My situation in a nutshell is my husband and I have been married for 12 years together for 18 with 3 children. Like most we have had our ups and downs but I really thought we were happy. Had some money issues and other issues with our teenagers last year.....July 14th he told me that he wasnt sure he loved me anymore. We spent the next 2 months talking, crying, went to MC, then he stopped, when I found out he had been "talking" to someone since Feb. He said that he doesn't love her, and she is not the reason for his feelings changing. He moved out for 3 weeks, but then moved back in and I thought he really didn't want to end our marriage.

Long story short he told me he can't change his feelings and would like to divorce and move out although he thinks we could live together and be divorced. (to me that just means he wants to continue being intamate with me but not be my husband, so he has the right to do what he wants) He has cried to me many times over the last 2 months about how hard it will be to leave home and his children. I think I have made it clear to him that I could forgive him and we could start over if I knew he was comitted to our marriage. He moves out Jan 1 to a place I found for him, that is safe for our children to go to (you should have seen the places he was looking at before I stepped in) 

I wrote up a letter stating what I want and need from him financially and as far as the kids, I gave him a 2013 calendar of his weekends. I have never been pushy with him but I refuse to take on all the responsibilities while he runs around playing single guy with no kids!!!! I know that he is still talking to the OW, and in 12 more days he will be in his own place. Our 6 yrar old D has been there to help him "clean" she is sad "daddy won't live with us anymore" and she is worried about him. As am I. 

I realize now that I have given so much more to this relationship than he has and I have taken care of him for so long....I think eventually he will feel that when he is gone. People keep asking my what I will do "when" he comes back. These are friends of ours who really believe it is a MLC or something. I want to say I know the answer to that....I guess it all depends on how far in my journey to heal I have gotten thru. I do love him and thought we would be together forever but I don't know that I will ever be secure in a realationship with him again.

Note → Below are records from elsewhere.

lemma filling_weight_shift:
  "finite A \<Longrightarrow> 0 \<notin> A \<Longrightarrow> filling_weight c q (N + k) ((+) k ` A) = filling_weight c q N A"
proof (induction "card A" arbitrary: A)
  case (Suc m)
  have ne: "A \<noteq> {}" using Suc.hyps(2) by auto
  have "(+) k ` A - {k + s} = (+) k ` (A - {s})" for s by auto
  then have "filling_weight c q (N + k) ((+) k ` A) =
      (\<Sum>s\<in>A. filling_weight c q (N + k) ((+) k ` (A - {s}))
        * sum q (landing_jumps ((+) k ` A) (k + s)) * crit_weight c (N + k) ((+) k ` A) (k + s))"
    using Suc.prems ne by (simp add: filling_weight_rec sum.reindex)
  also have "\<dots> = filling_weight c q N A"
    using Suc Suc.hyps(1)[of "A - {s}" for s] ne
    by (auto simp: filling_weight_rec landing_jumps_shift crit_weight_shift intro!: sum.cong)
  finally show ?case .
qed simp

lemma filling_weight_interval_Suc:
  "filling_weight c q (Suc n) {1..Suc n} = (\<Sum>k\<le>n. of_nat (n choose k) * c * (\<Sum>j\<le>k. q j)
      * filling_weight 1 q k {1..k} * filling_weight c q (n - k) {1..n - k})"
proof -
  have "filling_weight c q (Suc n) {1..Suc n} = (\<Sum>s\<in>Suc ` {..n}. filling_weight c q (Suc n) ({1..Suc n} - {s})
      * sum q (landing_jumps {1..Suc n} s) * crit_weight c (Suc n) {1..Suc n} s)"
    unfolding image_Suc_atMost by (rule filling_weight_rec) auto
  also have "\<dots> = (\<Sum>k\<le>n. filling_weight c q (Suc n) ({1..Suc n} - {Suc k})
      * sum q (landing_jumps {1..Suc n} (Suc k)) * crit_weight c (Suc n) {1..Suc n} (Suc k))"
    by (simp add: sum.reindex)
  also have "\<dots> = (\<Sum>k\<le>n. of_nat (n choose k) * c * (\<Sum>j\<le>k. q j)
      * filling_weight 1 q k {1..k} * filling_weight c q (n - k) {1..n - k})"
  proof (rule sum.cong[OF refl])
    fix k assume "k \<in> {..n}"
    then have k: "k \<le> n" by simp
    have "landing_jumps {1..Suc n} (Suc k) = {..k}" using k by (auto simp: landing_jumps_def)
    moreover have "crit_weight c (Suc n) {1..Suc n} (Suc k) = c" by (simp add: crit_weight_def)
    moreover have "{1..Suc n} - {Suc k} = {1..k} \<union> {Suc (Suc k)..Suc n}" using k by auto
    moreover have "filling_weight c q (Suc n) ({1..k} \<union> {Suc (Suc k)..Suc n}) =
        of_nat (n choose k) * filling_weight c q (Suc n) {1..k} * filling_weight c q (Suc n) {Suc (Suc k)..Suc n}"
      using filling_weight_Un[of "{1..k}" "{Suc (Suc k)..Suc n}" "Suc k" "Suc n" c q] k by simp
    moreover have "filling_weight c q (Suc n) {1..k} = filling_weight 1 q k {1..k}"
      by (rule filling_weight_below_gap[of _ "Suc k"]) (use k in auto)
    moreover have "filling_weight c q (Suc n) {Suc (Suc k)..Suc n} = filling_weight c q (n - k) {1..n - k}"
    proof -
      have "(+) (Suc k) ` {1..n - k} = {Suc (Suc k)..Suc n}" "n - k + Suc k = Suc n"
        by (simp_all only: image_add_atLeastAtMost) (use k in simp_all)
      then show ?thesis using filling_weight_shift[of "{1..n - k}" c q "n - k" "Suc k"] by simp
    qed
    ultimately show "filling_weight c q (Suc n) ({1..Suc n} - {Suc k})
        * sum q (landing_jumps {1..Suc n} (Suc k)) * crit_weight c (Suc n) {1..Suc n} (Suc k)
      = of_nat (n choose k) * c * (\<Sum>j\<le>k. q j) * filling_weight 1 q k {1..k}
        * filling_weight c q (n - k) {1..n - k}"
      by (simp add: ac_simps atMost_def)
  qed
  finally show ?thesis .
qed

lemma filling_weight_eq_forest_poly: "filling_weight c q n {1..n} = forest_poly c q n"
proof (induction n arbitrary: c rule: less_induct)
  case (less n)
  show ?case
  proof (cases n)
    case (Suc m)
    then show ?thesis unfolding Suc filling_weight_interval_Suc forest_poly.simps
      using less.IH Suc by (intro sum.cong refl) (simp add: le_imp_less_Suc)
  qed simp
qed

section \<open>Rooted forests\<close>

definition forests_on :: "nat set \<Rightarrow> (nat \<Rightarrow> nat) set" where
  "forests_on V = {par. (\<forall>v. v \<notin> V \<longrightarrow> par v = 0) \<and>
      (\<forall>v\<in>V. par v \<in> insert 0 V \<and> (\<exists>k. (par ^^ k) v = 0))}"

All I know is I don't want to be the type of Ex who keeps their children away from their EX. They deserve the mose happiness in life. I hope he realizes that too. PS I don't think I am needy or moany.....I have not asked him for anything except to really think about what he is doing and *not make permanent decisions based on temporary feelings.....* and I am trying to be strong.


----------



## 06Daddio08 (Jul 26, 2012)

I have one very simple question for you.

Simple to ask.

Hard to answer.

But be honest.

Do you love yourself?


----------



## Lovingwife315 (Dec 10, 2012)

Yes I do.

And I know I deserve more. I think about what advice I would give my daughters if they were going thru this......


----------



## 06Daddio08 (Jul 26, 2012)

Lovingwife315 said:


> Yes I do.
> 
> And I know I deserve more. I think about what advice I would give my daughters if they were going thru this......


Then do not fall for his crying.

It's manipulation.

Do not fall for his words.

It's manipulation.

Do what you feel you need to better YOU.

It's clear you are worried about your children.

As was I.

They adapt though.

Very resilient.

The MC did not work because he's emotionally (at the time, at least) involved with someone else.


----------



## Lovingwife315 (Dec 10, 2012)

Thanks.....Im a work in progress....getting better everyday!

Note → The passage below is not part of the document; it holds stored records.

(* Let $\Delta$ be a full-dimensional convex polyhedron of $\mathbb{R}^n$ with the induced structure of Euclidean polyhedral space, and set $U=\operatorname{relint}(\Delta)$. Let $\Pi$ be a polyhedral complex on $\Delta$ and $f$ a piecewise affine function on $\Delta$ defined on $\Pi$. Then $f$ is strictly concave on $\Pi|_U$ if and only if $f$ is concave in the usual sense and $\Pi=\Pi(f)$. In particular, $\Pi$ is regular on $U$ if and only if there is a concave piecewise affine function $f$ on $\Delta$ with $\Pi=\Pi(f)$.
   Context: Structure: $\Delta$ is quasi-embedded in the Euclidean space $\mathbb{R}^{n+1}$ (standard inner product) via $\iota(x)=(x,1)$; polyhedral complexes on $\Delta$ are finite families of convex polyhedra covering $\Delta$, closed under taking faces (including the empty face) and pairwise intersecting in common faces. $\tau\prec\sigma$ means $\tau$ is a face of $\sigma$. For a nonempty facet $\tau$ of $\sigma$, $v_{\sigma\setminus\tau}$ is the unit vector orthogonal to the affine span of $\iota(\tau)$, parallel to that of $\iota(\sigma)$, pointing towards $\sigma$. For $V\subset\Delta$ open, $\Pi|_V$ denotes the polyhedra meeting $V$, $\Pi|_V(k)$ those of dimension $k$. A $k$-dimensional weight $c\colon\Pi|_V(k)\to\mathbb{R}$ is positive if $c\ge0$, and a Minkowski weight if $\sum_{\sigma\in\Pi|_V(k),\sigma\succ\tau}c(\sigma)v_{\sigma\setminus\tau}=0$ for each $\tau\in\Pi|_V(k-1)$; $M^+_k(\Pi|_V)$ is the set of positive Minkowski weights. A function $f$ is piecewise affine defined on $\Pi$ if it is affine on each polyhedron of $\Pi$; writing $f=f_\sigma\circ\iota$ on $\sigma$ with $f_\sigma$ linear on $\mathbb{R}^{n+1}$, the product is $(f\cdot c)(\tau)=-\sum_{\sigma\in\Pi|_V(k),\sigma\succ\tau}c(\sigma)f_\sigma(v_{\sigma\setminus\tau})$. Strict concavity: $f$ is strictly concave on $\Pi|_U$ if it is defined on $\Pi$ and for every integer $k$, every $\tau\in\Pi|_U(k)$, every open $V\subset U$ with $V\cap\tau\neq\emptyset$ and every $c\in M^+_{k+1}(\Pi|_V)$ with $c(\sigma)>0$ for some $\sigma\in\Pi|_V(k+1)$ with $\sigma\succ\tau$, one has $(f\cdot c)(\tau)>0$. $\Pi$ is regular on $U$ if some piecewise affine function on $U$ is strictly concave on $\Pi|_U$. For a concave piecewise affine $f$ on $\Delta$, $\Pi(f)$ is the polyhedral complex on $\Delta$ consisting of the subsets $\sigma\subset\Delta$ for which there is an affine function $\ell$ on $\Delta$ with $f=\ell$ on $\sigma$ and $f<\ell$ on $\Delta\setminus\sigma$. *)

theory Defs
  imports "HOL-Analysis.Analysis"
begin

definition iota :: "'a::euclidean_space \<Rightarrow> 'a \<times> real" where
  "iota x = (x, 1)"

definition polyhedral_complex :: "'a::euclidean_space set \<Rightarrow> 'a set set \<Rightarrow> bool" where
  "polyhedral_complex D PP \<longleftrightarrow>
     finite PP \<and>
     (\<forall>\<sigma>\<in>PP. polyhedron \<sigma> \<and> \<sigma> \<subseteq> D) \<and>
     \<Union>PP = D \<and>
     (\<forall>\<sigma>\<in>PP. \<forall>\<tau>. \<tau> face_of \<sigma> \<longrightarrow> \<tau> \<in> PP) \<and>
     (\<forall>\<sigma>\<in>PP. \<forall>\<tau>\<in>PP. (\<sigma> \<inter> \<tau>) face_of \<sigma> \<and> (\<sigma> \<inter> \<tau>) face_of \<tau>)"

definition restr_dim :: "'a::euclidean_space set set \<Rightarrow> 'a set \<Rightarrow> int \<Rightarrow> 'a set set" where
  "restr_dim PP V k = {\<sigma>\<in>PP. \<sigma> \<inter> V \<noteq> {} \<and> aff_dim \<sigma> = k}"

definition restr :: "'a::euclidean_space set set \<Rightarrow> 'a set \<Rightarrow> 'a set set" where
  "restr PP V = {\<sigma>\<in>PP. \<sigma> \<inter> V \<noteq> {}}"

definition normal_vec :: "'a::euclidean_space set \<Rightarrow> 'a set \<Rightarrow> 'a \<times> real" where
  "normal_vec \<sigma> \<tau> = (SOME v. norm v = 1 \<and>
      (\<forall>p\<in>affine hull (iota ` \<tau>). \<forall>q\<in>affine hull (iota ` \<tau>). v \<bullet> (p - q) = 0) \<and>
      (\<forall>p\<in>affine hull (iota ` \<sigma>). p + v \<in> affine hull (iota ` \<sigma>)) \<and>
      (\<forall>x\<in>\<tau>. \<forall>y\<in>\<sigma> - \<tau>. 0 < v \<bullet> (iota y - iota x)))"

definition pos_minkowski_weights ::
    "'a::euclidean_space set set \<Rightarrow> 'a set \<Rightarrow> int \<Rightarrow> ('a set \<Rightarrow> real) set" where
  "pos_minkowski_weights PP V k = {c.
      (\<forall>\<sigma>\<in>restr_dim PP V k. 0 \<le> c \<sigma>) \<and>
      (\<forall>\<tau>\<in>restr_dim PP V (k - 1).
         (\<Sum>\<sigma>\<in>{\<sigma>\<in>restr_dim PP V k. \<tau> face_of \<sigma>}. c \<sigma> *\<^sub>R normal_vec \<sigma> \<tau>) = 0)}"

definition defined_on :: "'a::euclidean_space set set \<Rightarrow> ('a \<Rightarrow> real) \<Rightarrow> bool" where
  "defined_on PP f \<longleftrightarrow> (\<forall>\<sigma>\<in>PP. \<exists>a b. \<forall>x\<in>\<sigma>. f x = a \<bullet> x + b)"

definition piecewise_affine :: "'a::euclidean_space set \<Rightarrow> ('a \<Rightarrow> real) \<Rightarrow> bool" where
  "piecewise_affine D f \<longleftrightarrow> (\<exists>PP. polyhedral_complex D PP \<and> defined_on PP f)"

definition lin_part :: "('a::euclidean_space \<Rightarrow> real) \<Rightarrow> 'a set \<Rightarrow> ('a \<times> real \<Rightarrow> real)" where
  "lin_part f \<sigma> = (SOME g. linear g \<and> (\<forall>x\<in>\<sigma>. f x = g (iota x)))"

definition weight_prod ::
    "'a::euclidean_space set set \<Rightarrow> 'a set \<Rightarrow> int \<Rightarrow> ('a \<Rightarrow> real) \<Rightarrow> ('a set \<Rightarrow> real) \<Rightarrow> 'a set \<Rightarrow> real" where
  "weight_prod PP V k f c \<tau> =
     - (\<Sum>\<sigma>\<in>{\<sigma>\<in>restr_dim PP V k. \<tau> face_of \<sigma>}. c \<sigma> * lin_part f \<sigma> (normal_vec \<sigma> \<tau>))"

definition strictly_concave :: "'a::euclidean_space set set \<Rightarrow> 'a set \<Rightarrow> ('a \<Rightarrow> real) \<Rightarrow> bool" where
  "strictly_concave PP U f \<longleftrightarrow> defined_on PP f \<and>
     (\<forall>k::int. \<forall>\<tau>\<in>restr_dim PP U k. \<forall>V. open V \<and> V \<subseteq> U \<and> V \<inter> \<tau> \<noteq> {} \<longrightarrow>
        (\<forall>c\<in>pos_minkowski_weights PP V (k + 1).
           (\<exists>\<sigma>\<in>restr_dim PP V (k + 1). \<tau> face_of \<sigma> \<and> 0 < c \<sigma>) \<longrightarrow>
           0 < weight_prod PP V (k + 1) f c \<tau>))"

definition regular_on :: "'a::euclidean_space set set \<Rightarrow> 'a set \<Rightarrow> bool" where
  "regular_on PP U \<longleftrightarrow> (\<exists>f. strictly_concave PP U f)"

definition complex_of :: "'a::euclidean_space set \<Rightarrow> ('a \<Rightarrow> real) \<Rightarrow> 'a set set" where
  "complex_of D f = {\<sigma>. \<sigma> \<subseteq> D \<and> (\<exists>a b. (\<forall>x\<in>\<sigma>. f x = a \<bullet> x + b) \<and>
                                      (\<forall>x\<in>D - \<sigma>. f x < a \<bullet> x + b))}"

end

theory Submission
  imports Defs
begin

(* If Pi = Pi(f), a cell tau is cut out by an affine function l >= f that agrees with f exactly
   on tau.  For every cell sigma having tau as a facet, l - f_sigma is positive on the normal
   v_{sigma \ tau}, and l annihilates the Minkowski relation sum c(sigma) v_{sigma \ tau} = 0, so
   (f . c)(tau) = sum c(sigma) (l - f_sigma)(v_{sigma \ tau}) > 0.

   Conversely, strict concavity tested on the weight equal to 1 on two full-dimensional cells
   through a common facet (whose normals are opposite) says that the slope of f drops strictly
   when a line crosses that facet.  A generic segment from x to an interior point of a
   full-dimensional cell sigma crosses only facets, finitely often, so f(x) lies strictly below the
   affine extension of f on sigma whenever x is not in sigma.  Hence f is the minimum of the affine
   extensions of its full-dimensional pieces, thus concave, and the cells of Pi are exactly the
   sets where f touches an affine majorant: for a cell tau, average the pieces around tau and add
   the slacks of the facets of Delta containing tau. *)

section \<open>Normal vectors of facets\<close>

lemma affine_hull_iota_image:
  "affine hull (iota ` S) = iota ` (affine hull (S::'a::euclidean_space set))"
proof -
  have "iota ` S = (\<lambda>x. (0, 1) + x) ` ((\<lambda>x. (x, 0::real)) ` S)" for S :: "'a set"
    by (auto simp: iota_def image_image)
  moreover have "bounded_linear (\<lambda>x::'a. (x, 0::real))"
    by (simp add: bounded_linear_Pair)
  ultimately show ?thesis
    by (simp only: affine_hull_translation affine_hull_linear_image[symmetric])
qed

lemma mem_affine_hull_iota:
  "p \<in> affine hull (iota ` S) \<longleftrightarrow> snd p = 1 \<and> fst p \<in> affine hull S"
proof -
  have "p \<in> iota ` (affine hull S) \<longleftrightarrow> snd p = 1 \<and> fst p \<in> affine hull S"
    by (cases p) (auto simp: iota_def image_iff)
  then show ?thesis by (simp add: affine_hull_iota_image)
qed

lemma inner_span_eq_zero:
  fixes w :: "'a::euclidean_space"
  assumes "\<forall>m\<in>M. w \<bullet> m = 0" "y \<in> span M"
  shows "w \<bullet> y = 0"
  using orthogonal_to_span[OF assms(2), of w] assms(1) by (auto simp: orthogonal_def)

I am sure it will be hard when he first moves out but once the children are into a routine with visiting him etc, it should get easier. Right???


----------



## 06Daddio08 (Jul 26, 2012)

Lovingwife315 said:


> Thanks.....Im a work in progress....getting better everyday!
> 
> I am sure it will be hard when he first moves out but once the children are into a routine with visiting him etc, it should get easier. Right???


Of course you're a work in progress.

There is no easy button.

No short cuts.

No fast forwarding.

Detaching is the first step.

Focusing on yourself, not him.

Self awareness.

Self control.

Self regulation.

It starts and ends.

With you.


----------



## Frostflower (Jul 22, 2012)

Thanks for telling your story, LW. It sounds like you have done and are continuing to do everything you can to make things work. It does sound like he wants to have his cake and eat it too. Being on his own may make him realize exactly what he has done. 

Stay strong and continue to grow. Then, should he wants to come back, you will be in a better position to decide what you want.


----------



## Lovingwife315 (Dec 10, 2012)

Thanks everyone.....I am already "practicing" detaching......haven't texted, emailed or talked to him (other than answering his basic questions) in 2 days......funny how he seems to be reaching out more to initiate conversation now....but I read his text and if it is not an emergancy about the house burning down or the kids being sick, I ignore it. getting easier each day....

One week from today I leave with the kids for HIS parents house for 4 days, when we get back he will have moved out.

*Every new Beginning comes from some other beginnings' end.......*


----------



## old timer (Nov 23, 2012)

Lovingwife315 said:


> Thanks everyone.....I am already "practicing" detaching......haven't texted, emailed or talked to him (other than answering his basic questions) in 2 days......funny how he seems to be reaching out more to initiate conversation now....but I read his text and if it is not an emergancy about the house burning down or the kids being sick, I ignore it. getting easier each day....[/COLOR].[/SIZE][/B]


I didn't see that either of you have filed for divorce - is that correct?

He continues to cheat on you - is that correct?

I think you should file for divorce before leaving and begin the 180.

(and don't discuss divorce or your separation w/ the in-laws. If they ask about it, politely tell them you'd rather not discuss it. They can ask their son)


----------



## Frostflower (Jul 22, 2012)

Lovingwife315 said:


> Thanks everyone.....I am already "practicing" detaching......haven't texted, emailed or talked to him (other than answering his basic questions) in 2 days......funny how he seems to be reaching out more to initiate conversation now....but I read his text and if it is not an emergancy about the house burning down or the kids being sick, I ignore it. getting easier each day....
> 
> One week from today I leave with the kids for HIS parents house for 4 days, when we get back he will have moved out.
> 
> *Every new Beginning comes from some other beginnings' end.......*


Good for you, LW. Stay strong.


----------